### [TO DO]
Bring together every line in the data that includes "rule".

[Stored items]
▬▬▬▬▬▬

lemma v_coeff_v_free_mult:
  assumes "v_free c"
  shows "v_coeff j (c * F) = c * v_coeff j F"
proof (rule fps_ext, rule fps_ext)
  fix a n
  define h where "h i p = c $ i $ p $ 0" for i p
  have h: "c $ i $ p = fps_const (h i p)" for i p
  proof -
    have "c $ i $ p = v_coeff 0 c $ i $ p" using assms by (simp add: v_free_def)
    then show ?thesis by (simp add: v_coeff_def h_def)
  qed
  have "(c * F) $ a $ n $ j = (\<Sum>i=0..a. \<Sum>p=0..n. h i p * F $ (a - i) $ (n - p) $ j)"
    by (simp add: fps_mult_nth[where 'a = "rat fps fps fps"] fps_mult_nth[where 'a = "rat fps fps"]
        fps_sum_nth h)
  moreover have "(c * v_coeff j F) $ a $ n
      = fps_const (\<Sum>i=0..a. \<Sum>p=0..n. h i p * F $ (a - i) $ (n - p) $ j)"
    by (simp add: fps_mult_nth[where 'a = "rat fps fps fps"] fps_mult_nth[where 'a = "rat fps fps"]
        fps_sum_nth v_coeff_def fps_const_sum h)
  ultimately show "v_coeff j (c * F) $ a $ n = (c * v_coeff j F) $ a $ n"
    by (simp add: v_coeff_def)
qed

lemma v_free_add: "v_free F \<Longrightarrow> v_free H \<Longrightarrow> v_free (F + H)"
  by (simp add: v_free_def)

lemma v_free_diff: "v_free F \<Longrightarrow> v_free H \<Longrightarrow> v_free (F - H)"
  by (simp add: v_free_def)

lemma v_free_mult:
  assumes "v_free F" "v_free H"
  shows "v_free (F * H)"
  using v_coeff_v_free_mult[OF assms(1), of 0 H] assms(2) by (simp add: v_free_def)

lemma v_free_1: "v_free 1"
  unfolding v_free_def by (intro fps_ext) (simp add: v_coeff_def)

lemma v_free_power: "v_free F \<Longrightarrow> v_free (F ^ n)"
  by (induction n) (simp_all add: v_free_1 v_free_mult)

lemma v_free_U: "v_free U"
  unfolding v_free_def by (intro fps_ext) (simp add: v_coeff_def U_def)

lemma v_free_T: "v_free T"
  unfolding v_free_def by (intro fps_ext) (simp add: v_coeff_def T_def)

lemma v_free_Z: "v_free Z"
  unfolding v_free_def by (intro fps_ext) (simp add: v_coeff_def Z_def)

lemma v_free_G_v1: "v_free (G_v1 r)"
  unfolding v_free_def by (intro fps_ext) (simp add: v_coeff_def G_v1_def)

lemma v_coeff_G_v1_compose_UV: "v_coeff j (G_v1 r oo (U * V)) = U ^ j * fps_const (G_v1 r $ j)"
  unfolding U_times_V fps_compose_linear
  by (intro fps_ext) (simp add: v_coeff_def G_v1_def U_def fps_const_power fps_X_power_mult_nth)

section \<open>The kernel method\<close>

definition vroot :: mfps where
  "vroot = inverse delta1"

definition phi :: mfps where
  "phi = U * vroot"

lemma delta1_vroot: "delta1 * vroot = 1"
  unfolding vroot_def by (rule mfps_right_inverse) (simp add: delta1_def)

lemma phi_nth_0: "phi $ 0 = 0"
  by (simp add: phi_def U_def)

lemma v_free_delta1: "v_free delta1"
  unfolding delta1_def by (intro v_free_add v_free_diff v_free_mult v_free_1 v_free_T v_free_U)

lemma v_free_base_term: "v_free (base_term r)"
  unfolding base_term_def by (intro v_free_mult v_free_power v_free_T v_free_Z v_free_U)

lemma v_coeff_kernel_rhs:
  "v_coeff j (kernel_rhs r) =
      (if j = 2 then base_term r else 0) - (if j = 1 then base_term r else 0)
    + (if j = 1 then T * Z * G_v1 r else 0) - (if j = 0 then T * Z * G_v1 r else 0)
    - (if j = 1 then T * G_v1 r else 0)
    + (if 2 \<le> j then T * U * (U ^ (j - 2) * fps_const (G_v1 r $ (j - 2))) else 0)"
proof -
  have "kernel_rhs r = V * (V * base_term r) - V * base_term r + V * (T * Z * G_v1 r)
      - T * Z * G_v1 r - V * (T * G_v1 r) + V * (V * (T * U * (G_v1 r oo (U * V))))"
    by (simp add: kernel_rhs_def algebra_simps power2_eq_square)
  moreover have "v_free (T * Z * G_v1 r)" "v_free (T * G_v1 r)" "v_free (T * U)"
    by (intro v_free_mult v_free_T v_free_Z v_free_U v_free_G_v1)+
  ultimately show ?thesis
    by (simp add: v_coeff_V_mult v_coeff_v_free v_free_base_term v_coeff_v_free_mult
        v_coeff_G_v1_compose_UV numeral_2_eq_2)
qed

▬▬▬▬▬▬

### [TASK SOLUTION]
proof (rule fps_ext, rule fps_ext)
  unfolding vroot_def by (rule mfps_right_inverse) (simp add: delta1_def)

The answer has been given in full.